Elektron Octatrack Mk1 🧻🧻

Update August ’21

After much to-ing and fro-ing and watching of videos I went and bought an old Octatrack Mk1, even though I decided against it as my live stage tool. Very glad I did – the MPC is great on tour. But I was intrigued by this one’s workflow which seems akin to tape loop editing. There’s a new Octatrack Mk2 on sale, prettier than this 8-year-old model – who cares, I saved a thousand dollars. It sounds the same.

Let’s first address a bevy of videos that ask, “which is better? The MPC or the Octatrack?” I’m looking forward to their follow up videos, “which is better? A Hammer or Bees?” “Which is my left foot?” “How is string?”

They have nothing in common, the question is inane. If you must contrast then here’s the decider – when you play the piano, do you use more than one finger at a time? If so the MPC is the only choice, the Octatrack has no polyphony, or concept of it. The Octatrack is, for all its fancy pants, just a rhythm box. A very heavy but little box, all metal, straight lines and circles.

Being a rhythm box, descendent of the TR808, it has 16 little buttons along the bottom and lights that strobe along them. Push the buttons and place kicks and snares and high hats – all very familiar drum machine stuff. This is the conceptual base on which all else is built – with implications, good and bad. These trigger points are called trigs which combine with locks, timed adjustments of the sound. A lock can be a wide set of parameters including the playback speed, pitch shift, mix, sample region … and so on.

A simple use – to set the lock for each drum trig so they are pitched and panned and reverbed individually. More complex – to trig a longer sample that spills over the duration of the phrase, and apply these locks to sections of it, perhaps scrubbing sections of it forward and reverse in time with the beat. More complex again – to have other band member’s sound input into the pattern, for captured live sounds to intersect with the sampled sounds.

I started to use it the way I’ve used multitrack tape loops – punching in radio sounds and snippets of noise in real time. The ‘bowing’ of the sound is very much like tape, although the pitch shifting is obviously digital. But you are never too far away from the underlying grain of the thing – the 16 events per bar of the drum machine. If you automate the pitch gradually up over a phrase – it will noticeably step on each underlying lock.

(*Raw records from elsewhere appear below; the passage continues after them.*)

(* For a positive integer $m$ let $M=\lfloor\frac{m-1}{2}\rfloor$ and define $$\widetilde{f_{m,1}}(z)=(-1)^M\int_0^z\frac{y^{2M+2}}{1+y^2}\,dy\qquad\big(z\in\mathbb{C}\setminus([i,i\infty)\cup[-i,-i\infty))\big),$$ the integral taken along the line segment from $0$ to $z$. As $m\to\infty$ the following estimates hold, uniformly in $z$ and $t$: (i) $\widetilde{f_{m,1}}(z)=O(2^{-m})$ for $|z|\le\frac12$; (ii) $\widetilde{f_{m,1}}(it)=O\big(e^{-\frac12\sqrt m}\frac{1}{\sqrt m}\big)$ for $-1+\frac1{\sqrt m}\le t\le1-\frac1{\sqrt m}$; (iii) for $1-\frac1{\sqrt m}\le t\le 1-\frac1m$, $$\widetilde{f_{m,1}}(it)=\frac{1}{2i}\int_{m(1-t)}^\infty\frac{e^{-\zeta}}{\zeta}\,d\zeta+O\!\left(\frac{\ln m}{m}\right)=O(1),$$ and also $\widetilde{f_{m,1}}(-it)=O(1)$. *)

theory Defs
  imports "HOL-Complex_Analysis.Complex_Analysis"
begin

definition f_tilde :: "nat \<Rightarrow> complex \<Rightarrow> complex" where
  "f_tilde m z = (-1) ^ ((m - 1) div 2) *
     contour_integral (linepath 0 z) (\<lambda>y. y ^ (2 * ((m - 1) div 2) + 2) / (1 + y\<^sup>2))"

definition E1 :: "real \<Rightarrow> real" where
  "E1 x = integral {x..} (\<lambda>s. exp (- s) / s)"

end

(* With n = 2 M + 2 >= m, the integrand y^n / (1 + y^2) is bounded by r^n / (1 - r^2) on the
   disc |y| <= r < 1; this gives (i) for r = 1/2, and (ii) for r = 1 - 1/sqrt m because
   (1 - 1/sqrt m)^m <= exp (- sqrt m).

   On the imaginary axis f_tilde m (i t) = -i times the integral of x^n / (1 - x^2) over [0, t].
   The substitution x = 1 - u/m turns this into an integral over [m (1 - t), m] of a kernel that
   equals exp (- u) / (2 u) up to O(1 / (m u)), since (1 - u/m)^m = exp (- u) (1 + O(u^2 / m)) and
   n exceeds m by at most 1. Integrating the error against du/u costs O(ln m / m), and the missing
   tail E1 m is exponentially small; this is (iii). Finally (iv) follows from (iii) because
   f_tilde is odd. *)

theory Submission
  imports Defs
begin

lemma mult_exp_minus_le_one: "x * exp (- x) \<le> (1::real)"
proof -
  have "x \<le> exp x" using exp_ge_add_one_self[of x] by linarith
  then show ?thesis by (simp add: exp_minus field_simps)
qed

lemma power2_mult_exp_minus_le:
  fixes x :: real
  assumes "0 \<le> x"
  shows "x\<^sup>2 * exp (- x) \<le> 4"
proof -
  have "(x / 2)\<^sup>2 \<le> (exp (x / 2))\<^sup>2"
    using exp_ge_add_one_self[of "x / 2"] assms by (intro power_mono) linarith+
  also have "\<dots> = exp x" by (simp add: power2_eq_square flip: exp_add)
  finally show ?thesis by (simp add: exp_minus field_simps power_divide)
qed

lemma exp_minus_sub_one_minus_power_le:
  fixes x :: real
  assumes "0 \<le> x" "x \<le> real n" "n > 0"
  shows "exp (- x) - (1 - x / n) ^ n \<le> x\<^sup>2 * exp (- x) / n"
proof -
  have "1 - x\<^sup>2 / n = 1 + real n * (- (x / n)\<^sup>2)"
    using assms by (simp add: power2_eq_square field_simps)
  also have "\<dots> \<le> (1 + - (x / n)\<^sup>2) ^ n"
    using assms by (intro Bernoulli_inequality) (simp add: power_le_one_iff)
  also have "\<dots> = (1 - x / n) ^ n * (1 + x / n) ^ n"
    by (simp add: power2_eq_square algebra_simps flip: power_mult_distrib)
  also have "\<dots> \<le> (1 - x / n) ^ n * exp x"
    using assms by (intro mult_left_mono exp_ge_one_plus_x_over_n_power_n) auto
  finally have "1 - x\<^sup>2 / n \<le> (1 - x / n) ^ n * exp x" .
  then have "(1 - x\<^sup>2 / n) * exp (- x) \<le> (1 - x / n) ^ n"
    by (simp add: mult_right_mono[of _ _ "exp (- x)"] exp_minus field_simps)
  then show ?thesis by (simp add: algebra_simps)
qed

lemma one_minus_power_exp_bounds:
  assumes "1 \<le> m" "m \<le> n" "n \<le> m + 1" "0 \<le> u" "u \<le> real m"
  shows "(1 - u / m) ^ n \<le> exp (- u)" "exp (- u) - (1 - u / m) ^ n \<le> 5 / m"
proof -
  define s where "s = 1 - u / m"
  have s: "0 \<le> s" "s \<le> 1" unfolding s_def using assms by auto
  have "s ^ m \<le> exp (- u)"
    unfolding s_def using assms by (intro exp_ge_one_minus_x_over_n_power_n) auto
  moreover have "s ^ n \<le> s ^ m" "s ^ (m + 1) \<le> s ^ n"
    using power_decreasing[of m n s] power_decreasing[of n "m + 1" s] s assms by auto
  ultimately show "s ^ n \<le> exp (- u)" unfolding s_def by linarith
  have "exp (- u) - s ^ m \<le> u\<^sup>2 * exp (- u) / m"
    unfolding s_def using assms by (intro exp_minus_sub_one_minus_power_le) auto
  also have "\<dots> \<le> 4 / m"
    using power2_mult_exp_minus_le[of u] assms by (intro divide_right_mono) auto
  finally have "exp (- u) - s ^ m \<le> 4 / m" .
  moreover have "s ^ m - s ^ (m + 1) \<le> 1 / m"
  proof -
    have "s ^ m - s ^ (m + 1) = u * s ^ m / m" unfolding s_def by (simp add: algebra_simps)
    also have "\<dots> \<le> u * exp (- u) / m"
      using \<open>s ^ m \<le> exp (- u)\<close> assms by (intro divide_right_mono mult_left_mono) auto
    also have "\<dots> \<le> 1 / m"
      using mult_exp_minus_le_one[of u] by (intro divide_right_mono) auto
    finally show ?thesis .
  qed
  ultimately show "exp (- u) - s ^ n \<le> 5 / m"
    using \<open>s ^ (m + 1) \<le> s ^ n\<close> by (simp add: add_divide_distrib[symmetric])
qed

lemma has_integral_inverse_ln:
  fixes a b :: real
  assumes "0 < a" "a \<le> b"
  shows "((\<lambda>u. 1 / u) has_integral (ln b - ln a)) {a..b}"
proof (rule fundamental_theorem_of_calculus)
  show "(ln has_vector_derivative 1 / u) (at u within {a..b})" if "u \<in> {a..b}" for u
    using that assms
    by (auto intro!: derivative_eq_intros simp flip: has_real_derivative_iff_has_vector_derivative)
qed (use assms in auto)

lemma integral_reflect_rescale:
  fixes g :: "real \<Rightarrow> real"
  assumes "continuous_on {0..t} g" "0 \<le> t" "c > 0"
  shows "integral {0..t} g = integral {c * (1 - t)..c} (\<lambda>u. g (1 - u / c) / c)"
proof -
  have "((\<lambda>u. (- 1 / c) *\<^sub>R g (1 - u / c)) has_integral
      (integral {1 - c * (1 - t) / c..1 - c / c} g - integral {1 - c / c..1 - c * (1 - t) / c} g))
      {c * (1 - t)..c}"
  proof (rule has_integral_substitution_general[of "{}", where g' = "\<lambda>_. - 1 / c"])
    show "(\<lambda>u. 1 - u / c) ` {c * (1 - t)..c} \<subseteq> {0..t}"
      using assms by (auto simp: field_simps)
    show "((\<lambda>u. 1 - u / c) has_field_derivative - 1 / c) (at u within {c * (1 - t)..c})" for u
      using assms by (auto intro!: derivative_eq_intros)
  qed (use assms in \<open>auto intro!: continuous_intros\<close>)
  moreover have "1 - c * (1 - t) / c = t" "1 - c / c = 0"
    using assms by (auto simp: field_simps)
  moreover have "integral {t..0} g = 0"
    using assms by (cases "t = 0") auto
  ultimately have "((\<lambda>u. (- 1 / c) *\<^sub>R g (1 - u / c)) has_integral - integral {0..t} g)
      {c * (1 - t)..c}"
    by simp
  then have "((\<lambda>u. - ((- 1 / c) *\<^sub>R g (1 - u / c))) has_integral integral {0..t} g)
      {c * (1 - t)..c}"
    using has_integral_neg by (metis minus_minus)
  then show ?thesis
    by (intro integral_unique[symmetric]) simp
qed

lemma E1_integrable:
  assumes "c > 0"
  shows "(\<lambda>s::real. exp (- s) / s) integrable_on {c..}"
proof (rule measurable_bounded_by_integrable_imp_integrable_real)
  show "(\<lambda>s::real. exp (- s) / s) \<in> borel_measurable (lebesgue_on {c..})"
    using assms by (intro continuous_imp_measurable_on_sets_lebesgue continuous_intros) auto
  show "(\<lambda>s. exp (-1 * s) / c) integrable_on {c..}"
    using integrable_on_exp_minus_to_infinity[of 1 c] by (intro integrable_on_divide) auto
  show "\<bar>exp (- s) / s\<bar> \<le> exp (-1 * s) / c" if "s \<in> {c..}" for s
    using that assms by (auto simp: frac_le)
qed auto

lemma E1_nonneg: "c > 0 \<Longrightarrow> 0 \<le> E1 c"
  unfolding E1_def by (intro integral_nonneg E1_integrable) auto

lemma E1_le:
  assumes "c > 0"
  shows "E1 c \<le> exp (- c) / c"
proof -
  have "E1 c \<le> integral {c..} (\<lambda>s. exp (-1 * s) / c)" unfolding E1_def
    using assms by (intro integral_le E1_integrable integrable_on_divide integrable_on_exp_minus_to_infinity)
      (auto simp: frac_le)
  also have "\<dots> = exp (- c) / c"
    using has_integral_divide[OF has_integral_exp_minus_to_infinity[of 1 c], of c]
    by (intro integral_unique) simp
  finally show ?thesis .
qed

lemma E1_split:
  assumes "0 < a" "a \<le> b"
  shows "E1 a = integral {a..b} (\<lambda>s. exp (- s) / s) + E1 b"
proof -
  have "(\<lambda>s::real. exp (- s) / s) integrable_on {a..b}"
    using assms by (intro integrable_on_subinterval[OF E1_integrable]) auto
  moreover have "(\<lambda>s::real. exp (- s) / s) integrable_on {b..}"
    using assms by (intro E1_integrable) auto
  moreover have "{a..} = {a..b} \<union> {b..}" "{a..b} \<inter> {b..} = {b}" using assms by auto
  ultimately show ?thesis
    unfolding E1_def by (simp add: integral_Un)
qed

definition arctan_tail :: "nat \<Rightarrow> complex \<Rightarrow> complex" where
  "arctan_tail n z = contour_integral (linepath 0 z) (\<lambda>y. y ^ n / (1 + y\<^sup>2))"

lemma arctan_tail_even_uminus: "arctan_tail (2 * k) (- z) = - arctan_tail (2 * k) z"
  unfolding arctan_tail_def contour_integral_integral
  by (simp add: linepath_def power_mult_distrib)

lemma norm_one_plus_square_ge: "1 - (cmod y)\<^sup>2 \<le> cmod (1 + y\<^sup>2)"
  using norm_triangle_ineq2[of 1 "- (y\<^sup>2)"] by (simp add: norm_power)

lemma norm_arctan_tail_le:
  assumes "cmod z \<le> r" "0 \<le> r" "r < 1"
  shows "cmod (arctan_tail n z) \<le> r ^ Suc n / (1 - r\<^sup>2)"
proof -
  have r2: "r\<^sup>2 < 1" using assms by (simp add: power_less_one_iff)
  have on_segment: "cmod y \<le> r" if "y \<in> closed_segment 0 z" for y
    using segment_bound[OF that] assms by simp
  have den: "1 - r\<^sup>2 \<le> cmod (1 + y\<^sup>2)" if "cmod y \<le> r" for y
    using norm_one_plus_square_ge[of y] power_mono[OF that, of 2] by simp
  have "(\<lambda>y. y ^ n / (1 + y\<^sup>2)) contour_integrable_on linepath 0 z"
    using den on_segment r2
    by (intro contour_integrable_continuous_linepath continuous_intros) force
  moreover have "cmod (y ^ n / (1 + y\<^sup>2)) \<le> r ^ n / (1 - r\<^sup>2)" if "y \<in> closed_segment 0 z" for y
    using on_segment[OF that] den[OF on_segment[OF that]] r2 assms(2)
    by (auto simp: norm_divide norm_power intro!: frac_le power_mono)
  ultimately have "cmod (arctan_tail n z) \<le> r ^ n / (1 - r\<^sup>2) * cmod (z - 0)"
    unfolding arctan_tail_def using r2 assms
    by (intro contour_integral_bound_linepath) auto
  also have "\<dots> \<le> r ^ n / (1 - r\<^sup>2) * r"
    using r2 assms by (intro mult_left_mono) auto
  finally show ?thesis by (simp add: mult.commute)
qed

lemma imaginary_power_div_one_plus_square:
  "Complex 0 x ^ (2 * k) / (1 + (Complex 0 x)\<^sup>2) = (-1) ^ k * of_real (x ^ (2 * k) / (1 - x\<^sup>2))"
proof -
  have "Complex 0 x ^ 2 = (-1) * of_real (x\<^sup>2)"
    by (simp add: complex_eq_iff power2_eq_square)
  then have "Complex 0 x ^ (2 * k) = (-1) ^ k * of_real (x ^ (2 * k))"
    by (simp only: power_mult power_mult_distrib of_real_power)
  moreover have "1 + (Complex 0 x)\<^sup>2 = of_real (1 - x\<^sup>2)"
    by (simp add: complex_eq_iff power2_eq_square)
  ultimately show ?thesis by (simp add: of_real_divide)
qed

lemma arctan_tail_imaginary:
  assumes "0 < t" "t < 1"
  shows "arctan_tail (2 * k) (\<i> * of_real t) =
    \<i> * (-1) ^ k * of_real (integral {0..t} (\<lambda>x. x ^ (2 * k) / (1 - x\<^sup>2)))"
proof -
  define g where "g = (\<lambda>x::real. x ^ (2 * k) / (1 - x\<^sup>2))"
  have "continuous_on {0..t} g"
    unfolding g_def using assms by (intro continuous_intros) (auto simp: power2_eq_1_iff)
  then have "((\<lambda>x. (-1) ^ k * complex_of_real (g x)) has_integral
      (-1) ^ k * of_real (integral {0..t} g)) {0..t}"
    by (intro has_integral_mult_right has_integral_of_real integrable_integral
        integrable_continuous_interval)
  then have "((\<lambda>x. Complex 0 x ^ (2 * k) / (1 + (Complex 0 x)\<^sup>2)) has_integral
      - \<i> * (\<i> * (-1) ^ k * of_real (integral {0..t} g))) {0..t}"
    unfolding imaginary_power_div_one_plus_square g_def by (simp add: mult.assoc)
  then have "((\<lambda>y. y ^ (2 * k) / (1 + y\<^sup>2)) has_contour_integral
      \<i> * (-1) ^ k * of_real (integral {0..t} g)) (linepath 0 (\<i> * of_real t))"
    using assms by (subst has_contour_integral_linepath_same_Re_iff[where c=0 and a=0 and b=t]) auto
  then show ?thesis
    unfolding arctan_tail_def g_def by (rule contour_integral_unique)
qed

It’s a fair price to pay given that this is an instrument for performance. You are able to see where the locks are set, add and remove them, change their settings, all in real time as the pattern is playing. It’s as if you cut and splice tape as it loops through the recorder. At any point you can save the overall result as a scene. There is a cross fader at the right which swipes between any two scenes, so it’s a simple thing to get something nice, set it, swipe over to another scene, set that and so on, and then sweep back and forward between all the ‘cool moments’ you’ve managed to discover. The first time you sweep between the ‘tape’ running forward and backward and it sounds just like a tape being bowed across the heads, you’ll respect what the Octatrack is all about.

Garbage in Garbage Out

I attempted a tape metaphor that’s familiar to me. But each operator is going to use their own – playing vinyl, live jamming – whatever. If you put simple drum machine sounds into this you will not get much, and so the real decider is what source material you can find. For the MPC I’m putting in textures and melodic elements I can play with a keyboard. That won’t work here. Instead I tried choir loops (not so great) and odd rhythmic elements (worked better).

Do you like loops? Good. Do you like melodic progressions? Not so good. Even the clever bald dude that demos the unit online tends to get a groove and just fuss that around. It is just a rhythm machine and you will need other toys to provide the actual music. And to be honest it’s very difficult to work with the tiny display on this machine. The information is cryptic as is the terminology used. The tactile controls are very good but unless you are a live performer there are much easier ways to create a similar sound.

There comes a point where you realise there’s a lot of arcane button pushing and terminology for something you thought was going to be organic and flowing. I did not intend to learn a 16 trigger violin, and became bored with the terminology and shift keying. I was not enjoying it.

It was sold.

1 comment

  1. Bought myself an Octatrack MKII for screaming good deal last year.
    I own a lot of Elektron products and they seem to be well built, high quality and intuitive.
    The Octratrack is the odd duck.
    It is not intuitive. I’ve been banging on it for months and I still can’t do some things it is supposed to do.
    All of the video tutorials I find are geared towards DJ style use. So they have this contrivance of moving their hands around in a dramatic jerky fashion when doing things. Making it impossible to ascertain what they just did. But they looked cool as heck doing it!
    It works perfectly well as a sequencer and drum machine if thats all you want to do.
    But I have a thing that I like to find and exploit the native strength of an instrument.
    My Ovation Magnum bass has a pathetic wimpy sound played into a clean amplifier.
    But when you light it up with good overdrive box it sounds like the burning cross of Constantine.
    I’ve yet to get past the mundane uses of the Octatrack and exploit its intrinsic strengths/weaknesses.
    I’m going to marinate for a while longer. I kind of hated the Analog 4 at first, then I discovered how to really use the filters and the modulation.